The kids are coming up from behind.
I'm losing my edge.
I'm losing my edge to the kids from Togo and from Tokyo.
But I was there.

I was there in 1976.
I was there at the first Feelies show in Haledon.
I'm losing my edge.
I'm losing my edge to the kids whose footsteps I hear when they get on the decks.
I'm losing my edge to the internet seekers who can tell me every member of every good group from 1960 to 1972.
I'm losing my edge.

To all the kids in Paris and Lille.
I'm losing my edge to the art-school Lagos kids in little jackets and borrowed nostalgia for the unremembered nineties.

I'm losing my edge.
I'm losing my edge.
I can hear the footsteps every night on the decks.
But I was there.

I was there in 1979 at the first Second Layer practice in a loft in South London.
I was working on the sitar sounds with much patience.
I was there when Holger Czukay started up his first band.
I told him, "Don't do it that way. You'll never make a dime."
I was there.
I was the first guy playing Pierre Henry to the crunk kids.
I played it at the Spitz.
Everybody thought I was crazy.
We all know.
I was there.
I was there.
I've never been wrong.

But I'm losing my edge to better-looking people with better ideas and more talent.
And they're actually really, really nice.

I'm losing my edge.

I heard you have a compilation of every good song ever done by anybody.
Every great song by These Immortal Souls. All the underground hits.

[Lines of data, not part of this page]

lemma is_cut_lt_least_iff:
  assumes wo: "Well_order W" and cut: "is_cut W D1 D2"
    and j0: "j0 \<in> D2" "\<forall>j\<in>D2. (j0, j) \<in> W"
  shows "lt W i j0 \<longleftrightarrow> i \<in> D1"
proof
  assume i: "lt W i j0"
  then have "i \<in> Field W" "i \<notin> D2" using lt_Field[OF i] j0(2) lt_imp_not_le[OF wo i] by blast+
  then show "i \<in> D1" using cut unfolding is_cut_def by blast
qed (rule is_cut_lt[OF cut _ j0(1)])

lemma is_cut_max_in_suffix:
  assumes wo: "Well_order W" and cut: "is_cut W D1 D2"
    and m: "m \<in> Field W" "\<forall>i\<in>Field W. (i, m) \<in> W"
  shows "m \<in> D2"
proof (rule ccontr)
  assume "m \<notin> D2"
  obtain j where j: "j \<in> D2" using cut unfolding is_cut_def by blast
  then have "(m, j) \<in> W" "j \<in> Field W" using cut m \<open>m \<notin> D2\<close> unfolding is_cut_def by blast+
  then have "m = j" using m Well_order_antisym[OF wo] by blast
  then show False using \<open>m \<notin> D2\<close> j by simp
qed

lemma eventually_end_cut:
  assumes wo: "Well_order W" and cut: "is_cut W D1 D2"
  shows "eventually_end W P \<longleftrightarrow> eventually_end (Restr W D2) P"
proof
  note F2 = is_cut_Field_Restr(2)[OF wo cut]
  assume "eventually_end W P"
  then obtain i' where i': "i' \<in> Field W" "\<forall>i. lt W i' i \<longrightarrow> P i"
    unfolding eventually_end_def by blast
  obtain j where j: "j \<in> D2" using cut unfolding is_cut_def by blast
  define i'' where "i'' = (if i' \<in> D2 then i' else j)"
  have "(i', i'') \<in> W" "i'' \<in> D2"
    using i' j cut Well_order_refl[OF wo] unfolding i''_def is_cut_def by auto
  then show "eventually_end (Restr W D2) P"
    using i'(2) le_lt_trans[OF wo] F2 unfolding eventually_end_def lt_Restr by blast
next
  note F2 = is_cut_Field_Restr(2)[OF wo cut]
  assume "eventually_end (Restr W D2) P"
  then obtain i' where i': "i' \<in> D2" "\<forall>i. lt (Restr W D2) i' i \<longrightarrow> P i"
    using F2 unfolding eventually_end_def by blast
  have "i \<in> D2" if "lt W i' i" for i
    using that i'(1) cut lt_Field[OF that] lt_imp_not_le[OF wo that] unfolding is_cut_def by blast
  then have "\<forall>i. lt W i' i \<longrightarrow> P i" using i' unfolding lt_Restr by blast
  then show "eventually_end W P" using i'(1) cut unfolding eventually_end_def is_cut_def by blast
qed

lemma has_max_cut:
  assumes wo: "Well_order W" and cut: "is_cut W D1 D2"
  shows "has_max W \<longleftrightarrow> has_max (Restr W D2)"
proof
  note F2 = is_cut_Field_Restr(2)[OF wo cut]
  assume "has_max W"
  then obtain m where m: "m \<in> Field W" "\<forall>i\<in>Field W. (i, m) \<in> W" unfolding has_max_def by blast
  moreover have "m \<in> D2" using is_cut_max_in_suffix[OF wo cut m] .
  ultimately show "has_max (Restr W D2)"
    using F2 cut unfolding has_max_def is_cut_def by (intro bexI[of _ m]) auto
next
  note F2 = is_cut_Field_Restr(2)[OF wo cut]
  assume "has_max (Restr W D2)"
  then obtain m where "m \<in> D2" "\<forall>i\<in>D2. (i, m) \<in> W" using F2 unfolding has_max_def by auto
  then show "has_max W" using cut unfolding has_max_def is_cut_def by blast
qed

lemma seq_mind_cut:
  assumes wo: "Well_order W" and cut: "is_cut W D1 D2"
  shows "seq_mind (t0, W, a) = min (seq_mind (t0, Restr W D1, a)) (seq_mind (t1, Restr W D2, a))"
proof -
  have "Field W = D1 \<union> D2" "D1 \<noteq> {}" "D2 \<noteq> {}" using cut unfolding is_cut_def by blast+
  then show ?thesis using is_cut_Field_Restr[OF wo cut] by (simp add: INF_union inf_min)
qed

lemma seq_conv_seq_tgt_cut:
  assumes wo: "Well_order W" and cut: "is_cut W D1 D2"
  shows "seq_conv T (t0, W, a) \<longleftrightarrow> seq_conv T (t1, Restr W D2, a)"
    and "seq_tgt T (t0, W, a) = seq_tgt T (t1, Restr W D2, a)"
proof -
  note F2 = is_cut_Field_Restr(2)[OF wo cut]
  have ne: "Field W \<noteq> {}" "D2 \<noteq> {}" using cut unfolding is_cut_def by blast+
  have lim: "lim_end W f L \<longleftrightarrow> lim_end (Restr W D2) f L" for f and L :: "('f,'v,'r) tm"
    unfolding lim_end_iff eventually_end_cut[OF wo cut] ..
  have dep: "depth_end W dp \<longleftrightarrow> depth_end (Restr W D2) dp" for dp
    unfolding depth_end_iff eventually_end_cut[OF wo cut] ..
  show "seq_conv T (t0, W, a) \<longleftrightarrow> seq_conv T (t1, Restr W D2, a)"
    unfolding seq_conv.simps lim dep using ne F2 has_max_cut[OF wo cut] by simp
  show "seq_tgt T (t0, W, a) = seq_tgt T (t1, Restr W D2, a)"
  proof (cases "has_max W")
    case True
    then obtain m where m: "m \<in> Field W" "\<forall>i\<in>Field W. (i, m) \<in> W" unfolding has_max_def by blast
    moreover have "m \<in> D2" using is_cut_max_in_suffix[OF wo cut m] .
    ultimately have m2: "m \<in> Field (Restr W D2)" "\<forall>i\<in>Field (Restr W D2). (i, m) \<in> Restr W D2"
      using F2 cut unfolding is_cut_def by blast+
    show ?thesis unfolding seq_tgt_max[OF wo m] seq_tgt_max[OF Well_order_Restr[OF wo] m2] ..
  next
    case False
    moreover have "(\<lambda>L. is_term T L \<and> lim_end W (\<lambda>i. st_tgt T (a i)) L) =
        (\<lambda>L. is_term T L \<and> lim_end (Restr W D2) (\<lambda>i. st_tgt T (a i)) L)"
      using lim by blast
    ultimately show ?thesis using ne F2 has_max_cut[OF wo cut] by simp
  qed
qed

All Symarip tracks. I heard you have a vinyl of every Buzzcocks record on German import.

I heard that you have a white label of every seminal punk hit - 1985, '86, '87.
I heard that you have a CD compilation of every good '80s cut and another box set from the '70s.

I hear you're buying a rhodes and a sitar and are throwing your macbook out the window because you want to make something real. You want to make a Notorious BIG live in Amsterdam record.

I hear that you and your band have sold your spring reverb and bought an organ.
I hear that you and your band have sold your organ and bought a spring reverb.

I hear everybody that you know is more relevant than everybody that I know.

But have you seen my records?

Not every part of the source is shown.